Eli Lilly announced interim clinical data from the LOXO-305 global Phase 1/2 BRUIN dose escalation trial. LOXO-305 is an investigational, highly selective, non-covalent Bruton's tyrosine kinase inhibitor. These data were presented at the 2019 American Society of Hematology, or ASH, Annual Meeting. At all doses studied, LOXO-305 delivered objective responses in patients who had received diverse prior therapies and had exhibited varied molecular mechanisms of acquired resistance. "We are excited to report that LOXO-305 is active in patients resistant and intolerant to covalent BTK inhibitors, as well as in patients resistant to BCL2 inhibition," said Anthony Mato, M.D., director of the CLL Program at Memorial Sloan Kettering Cancer Center and the presenting author. "We observed compelling response rates in both CLL and MCL. Interestingly, we reported responses regardless of C481 status, a putative mechanism of resistance to the covalent BTK class. We saw objective responses in dose cohort 1 and have not identified a maximum tolerated dose. These data suggest that LOXO-305 has the required selectivity profile and human target coverage to maximize the full potential of this molecular target, combine well with other agents, and perhaps, even move to earlier lines of therapy." Jacob Van Naarden, chief operating officer of Loxo Oncology at Lilly, added: "Put simply, LOXO-305 has exceeded our expectations. LOXO-305's wide therapeutic index allows us to plan and implement an ambitious comprehensive development program, one that includes combination regimens that exploit the drug's selectivity profile. We look forward to working closely with global regulators to position LOXO-305 in the most appropriate patient populations. It will be exciting to combine Lilly's resources and talent with Loxo's focus and agility for the benefit of this program within Loxo Oncology at Lilly."

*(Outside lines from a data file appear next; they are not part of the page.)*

(* Let $\mathcal{L},\tilde{\mathcal{L}}$ be distributions on $[0,\infty]$ satisfying: (H1) $\mathcal{L}$ is useful; (H2) $\mathcal{L}([0,\infty))>p_c$ and $\tilde{\mathcal{L}}([0,\infty))>p_c$; (H3) $\mathcal{L}\ne\tilde{\mathcal{L}}$; and let $(\tau,\tilde\tau)$ be a pair of random variables with marginals $\mathcal{L},\tilde{\mathcal{L}}$ and $\mathbb{E}[\tilde\tau\mid\tau]\le\tau$. Assume moreover that $\mathbb{P}(\mathbb{E}[\tilde\tau\mid\tau]=\tau)=1$ and $\{\tau<\infty\}=\{\tilde\tau<\infty\}$ almost surely. Then there exist $\beta>0$ and $\delta>0$ such that \[\mathbb{P}\big(\tau<\infty,\ \mathbb{P}(\tilde\tau\le\tau-2\delta\mid\tau)\ge\beta,\ \mathbb{P}(\tilde\tau\ge\tau\mid\tau)\ge\beta\big)>0.\]
   Context: $p_c$ / $\overrightarrow{p_c}$: critical probabilities of Bernoulli / oriented Bernoulli bond percolation on $\mathbb{Z}^d$, $d\ge2$. With $t_{\min}$ the minimum of the support of $\mathcal{L}$, $\mathcal{L}$ is useful if $\mathcal{L}(\{t_{\min}\})<p_c$ when $t_{\min}=0$ and $<\overrightarrow{p_c}$ when $t_{\min}>0$. *)

theory Defs
  imports "HOL-Probability.Probability"
begin

definition nn :: "int ^ 'd \<Rightarrow> int ^ 'd \<Rightarrow> bool" where
  "nn x y \<longleftrightarrow> (\<Sum>i\<in>UNIV. \<bar>x $ i - y $ i\<bar>) = 1"

definition unitv :: "'d \<Rightarrow> int ^ 'd" where
  "unitv i = (\<chi> j. if j = i then 1 else 0)"

definition bonds :: "'d::finite itself \<Rightarrow> (int ^ 'd) set set" where
  "bonds _ = {{x, y} | x y. nn x y}"

definition obonds :: "'d::finite itself \<Rightarrow> ((int ^ 'd) \<times> (int ^ 'd)) set" where
  "obonds _ = {(x, x + unitv i) | x i. True}"

definition perc_measure :: "'d::finite itself \<Rightarrow> real \<Rightarrow> ((int ^ 'd) set \<Rightarrow> bool) measure" where
  "perc_measure D p = PiM (bonds D) (\<lambda>_. measure_pmf (bernoulli_pmf p))"

definition open_cluster :: "((int ^ 'd) set \<Rightarrow> bool) \<Rightarrow> int ^ 'd \<Rightarrow> (int ^ 'd) set" where
  "open_cluster \<omega> x = {y. (x, y) \<in> {(u, v). nn u v \<and> \<omega> {u, v}}\<^sup>*}"

definition theta :: "'d::finite itself \<Rightarrow> real \<Rightarrow> real" where
  "theta D p = measure (perc_measure D p)
     {\<omega> \<in> space (perc_measure D p). infinite (open_cluster \<omega> 0)}"

definition p_c :: "'d::finite itself \<Rightarrow> real" where
  "p_c D = Sup {p \<in> {0..1}. theta D p = 0}"

definition operc_measure :: "'d::finite itself \<Rightarrow> real \<Rightarrow> ((int ^ 'd) \<times> (int ^ 'd) \<Rightarrow> bool) measure" where
  "operc_measure D p = PiM (obonds D) (\<lambda>_. measure_pmf (bernoulli_pmf p))"

definition oopen_cluster :: "'d::finite itself \<Rightarrow> ((int ^ 'd) \<times> (int ^ 'd) \<Rightarrow> bool) \<Rightarrow> int ^ 'd \<Rightarrow> (int ^ 'd) set" where
  "oopen_cluster D \<omega> x = {y. (x, y) \<in> {e. e \<in> obonds D \<and> \<omega> e}\<^sup>*}"
lemma fit_le_top_level:
  assumes S: "S \<in> states" and x: "x \<in> V"
  shows "fit (S x) \<le> level (top_level S)"
    and "fit (S x) \<noteq> level (top_level S) \<Longrightarrow> fit (S x) \<le> level (top_level S - 1)"
proof -
  obtain i where i: "i \<in> {1..num_levels}" "fit (S x) = level i"
    using S x fit_eq_level unfolding states_def by blast
  then have "i \<le> top_level S" using le_top_level level_present[OF x] by blast
  then show "fit (S x) \<le> level (top_level S)"
    using i level_mono top_level_present[OF S] by auto
  assume "fit (S x) \<noteq> level (top_level S)"
  then have "i \<le> top_level S - 1" using i \<open>i \<le> top_level S\<close> by (cases "i = top_level S") auto
  then show "fit (S x) \<le> level (top_level S - 1)"
    using i level_mono top_level_present[OF S] by auto
qed

lemma two_le_top_level:
  assumes S: "S \<in> states" and "\<not> is_neutral S" shows "2 \<le> top_level S"
proof -
  obtain x where x: "x \<in> V" "fit (S x) \<noteq> level (top_level S)"
    using assms(2) unfolding is_neutral_def by blast
  then obtain i where i: "i \<in> {1..num_levels}" "fit (S x) = level i"
    using S fit_eq_level unfolding states_def by blast
  then have "i \<le> top_level S" using le_top_level level_present[OF x(1)] by blast
  then show ?thesis using i x by (cases "i = top_level S") auto
qed

lemma top_level_upd_le:
  assumes S: "S \<in> states" and v: "v \<in> V" shows "top_level (S(w := S v)) \<le> top_level S"
proof -
  have "levels_present (S(w := S v)) \<subseteq> levels_present S"
    unfolding levels_present_def using v by auto
  then show ?thesis
    using top_level_present(1)[OF upd_in_states[OF S v]] le_top_level by blast
qed

lemma is_neutral_upd:
  assumes S: "S \<in> states" and v: "v \<in> V" and neutral: "is_neutral S"
  shows "is_neutral (S(w := S v))"
proof -
  let ?S = "S(w := S v)"
  have "fit (?S x) = level (top_level S)" if "x \<in> V" for x
    using neutral v that unfolding is_neutral_def by simp
  moreover obtain x where "x \<in> V" using two_le_card_V by fastforce
  ultimately have "top_level S \<in> levels_present ?S"
    using top_level_present(2,3)[OF S] unfolding levels_present_def by auto
  then have "top_level S \<le> top_level ?S" by (rule le_top_level)
  then have "top_level ?S = top_level S" using top_level_upd_le[OF S v, of w] by linarith
  then show ?thesis
    using neutral v unfolding is_neutral_def by simp
qed

(* Chosen so that level_weight i times the lower bound of pot_drift_top_class for the top class at
   level i (ft = level i, fs = level (i - 1)) is exactly 1. *)
definition level_weight :: "nat \<Rightarrow> real" where
  "level_weight i = level i / (level i - level (i - 1)) * card_V ^ 3"
lemma finitely_generated_cyclic_extension:
  assumes S: "subgroup S G" and N: "N \<subseteq> S" "finitely_generated G N"
    and g: "g \<in> S" and cyc: "\<And>x. x \<in> S \<Longrightarrow> \<exists>k::int. x \<otimes> inv (g [^] k) \<in> N"
  shows "finitely_generated G S"
proof -
  obtain Y where Y: "finite Y" "Y \<subseteq> carrier G" "N = generate G Y"
    using N(2) unfolding finitely_generated_def by blast
  have gc: "g \<in> carrier G" using subgroup.mem_carrier[OF S g] .
  have gY: "insert g Y \<subseteq> carrier G" using Y(2) gc by blast
  have "generate G (insert g Y) \<subseteq> S"
  proof (rule generate_subgroup_incl[OF _ S])
    show "insert g Y \<subseteq> S" using g N(1) generate.incl[of _ Y G] unfolding Y(3) by blast
  qed
  moreover have "S \<subseteq> generate G (insert g Y)"
  proof
    fix x assume x: "x \<in> S"
    obtain k :: int where k: "x \<otimes> inv (g [^] k) \<in> N" using cyc[OF x] by blast
    note sub = generate_is_subgroup[OF gY]
    have "x \<otimes> inv (g [^] k) \<in> generate G (insert g Y)" using k mono_generate[of Y "insert g Y"] Y(3)
      by blast
    moreover have "g [^] k \<in> generate G (insert g Y)"
      using subgroup_int_pow_closed[OF sub generate.incl[of g "insert g Y" G]] by simp
    ultimately have "(x \<otimes> inv (g [^] k)) \<otimes> g [^] k \<in> generate G (insert g Y)"
      using subgroup.m_closed[OF sub] by blast
    then show "x \<in> generate G (insert g Y)" using subgroup.mem_carrier[OF S x] gc by (simp add: m_assoc)
  qed
  ultimately show ?thesis unfolding finitely_generated_def using Y(1) gY by blast
qed

lemma subgroup_separable_polycyclic_series:
  assumes Sn: "S n = {\<one>}"
    and step: "\<And>i. i < n \<Longrightarrow> subgroup (S i) G \<and> subgroup (S (Suc i)) G \<and> S (Suc i) \<subseteq> S i \<and>
        normalises G (S i) (S (Suc i)) \<and> (\<exists>g\<in>S i. \<forall>x\<in>S i. \<exists>k::int. x \<otimes> inv (g [^] k) \<in> S (Suc i))"
  shows "subgroup_separable G (S 0) \<and> finitely_generated G (S 0)"
proof -
  have "subgroup_separable G (S i) \<and> finitely_generated G (S i)" if "i \<le> n" for i
    using that
  proof (induction rule: inc_induct)
    case base
    have "subgroup_separable G {\<one>}" unfolding subgroup_separable_def using subgroup.one_closed by blast
    moreover have "finitely_generated G {\<one>}" unfolding finitely_generated_def using generate_empty
      by auto
    ultimately show ?case using Sn by simp
  next
    case (step i)
    then have st: "subgroup (S i) G" "subgroup (S (Suc i)) G" "S (Suc i) \<subseteq> S i"
      "normalises G (S i) (S (Suc i))"
      using assms(2) by auto
    obtain g where "g \<in> S i" "\<And>x. x \<in> S i \<Longrightarrow> \<exists>k::int. x \<otimes> inv (g [^] k) \<in> S (Suc i)"
      using assms(2)[OF step(2)] by blast
    then show ?case
      using subgroup_separable_cyclic_extension[OF st] finitely_generated_cyclic_extension[OF st(1,3)]
        step(3) by blast
  qed
  then show ?thesis by blast
qed

lemma polycyclic_subgroup_separable:
  assumes P: "subgroup P G" and pc: "polycyclic (G\<lparr>carrier := P\<rparr>)"
  shows "subgroup_separable G P"
proof -
  obtain n S where S0: "S 0 = P" and Sn: "S n = {\<one>}"
    and st: "\<And>i. i < n \<Longrightarrow> subgroup (S i) (G\<lparr>carrier := P\<rparr>) \<and> S (Suc i) \<lhd> G\<lparr>carrier := S i\<rparr> \<and>
        (\<exists>g\<in>S i. \<forall>x\<in>S i. \<exists>k::int.
           x \<otimes> inv\<^bsub>G\<lparr>carrier := P\<rparr>\<^esub> (g [^]\<^bsub>G\<lparr>carrier := P\<rparr>\<^esub> k) \<in> S (Suc i))"
    using pc unfolding polycyclic_def by auto
  have "subgroup (S i) G \<and> subgroup (S (Suc i)) G \<and> S (Suc i) \<subseteq> S i \<and> normalises G (S i) (S (Suc i)) \<and>
      (\<exists>g\<in>S i. \<forall>x\<in>S i. \<exists>k::int. x \<otimes> inv (g [^] k) \<in> S (Suc i))" if i: "i < n" for i
  proof -
    have sgP: "subgroup (S i) (G\<lparr>carrier := P\<rparr>)" and nr: "S (Suc i) \<lhd> G\<lparr>carrier := S i\<rparr>"
      using st[OF i] by blast+
    have Si: "subgroup (S i) G" "S i \<subseteq> P" using incl_subgroup[OF P sgP] subgroup.subset[OF sgP] by auto
    have Ssi: "subgroup (S (Suc i)) G" "S (Suc i) \<subseteq> S i"
      using incl_subgroup[OF Si(1) normal_imp_subgroup[OF nr]]
        subgroup.subset[OF normal_imp_subgroup[OF nr]] by auto
    have nrm: "normalises G (S i) (S (Suc i))"
      unfolding normalises_def using normal.inv_op_closed2[OF nr] m_inv_consistent[OF Si(1)] by simp
    obtain g where g: "g \<in> S i"
      "\<forall>x\<in>S i. \<exists>k::int. x \<otimes> inv\<^bsub>G\<lparr>carrier := P\<rparr>\<^esub> (g [^]\<^bsub>G\<lparr>carrier := P\<rparr>\<^esub> k) \<in> S (Suc i)"
      using st[OF i] by blast
    have "g [^]\<^bsub>G\<lparr>carrier := P\<rparr>\<^esub> k = g [^] k" "g [^] k \<in> P" for k :: int
      using int_pow_consistent[OF P] subgroup_int_pow_closed[OF P] g(1) Si(2) by auto
    then have "\<exists>g\<in>S i. \<forall>x\<in>S i. \<exists>k::int. x \<otimes> inv (g [^] k) \<in> S (Suc i)"
      using g m_inv_consistent[OF P] by auto
    then show ?thesis using Si Ssi nrm by blast
  qed
  then show ?thesis using subgroup_separable_polycyclic_series[of S n, OF Sn] S0 by blast
qed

uniQure announced updated clinical data on the three patients treated in uniQure's ongoing Phase IIb study of etranacogene dezaparvovec, an investigational AAV5-based gene therapy containing a patent-protected FIX-Padua variant for the treatment of patients with severe and moderately severe hemophilia B. In addition, uniQure presented up to 4 years of follow-up data on the 10 patients in the Phase I/II trial of AMT-060, its first-generation gene therapy for the treatment of hemophilia B. These clinical data are being presented this weekend in poster presentations at the 61st Annual Meeting of the American Society of Hematology, or ASH. "These updated data show that a single administration of etranacogene dezaparvovec has been well-tolerated now out 52 weeks and has increased FIX activity into the therapeutic range for people living with hemophilia B," stated Steven Pipe, M.D., professor of pediatrics and pathology and pediatric medical director of the hemophilia and coagulation disorders program at the University of Michigan and a principal investigator in the HOPE-B clinical trial. "These data show a full year of meaningful clinical benefit for all three patients in the study, including durable levels of FIX activity with no bleeds, no requirement for infusions of FIX replacement therapy outside of surgery, and no need for immunosuppression." Robert Gut, chief medical officer of uniQure, added: "We are very pleased with these latest results, and continue to believe that etranacogene dezaparvovec has the potential to be the first- and best-in-class gene therapy for patients with hemophilia B. We remain focused on dosing all patients in our ongoing, fully-enrolled HOPE-B pivotal trial, and expect to announce top-line data on our primary endpoint of Factor IX activity by the end of 2020."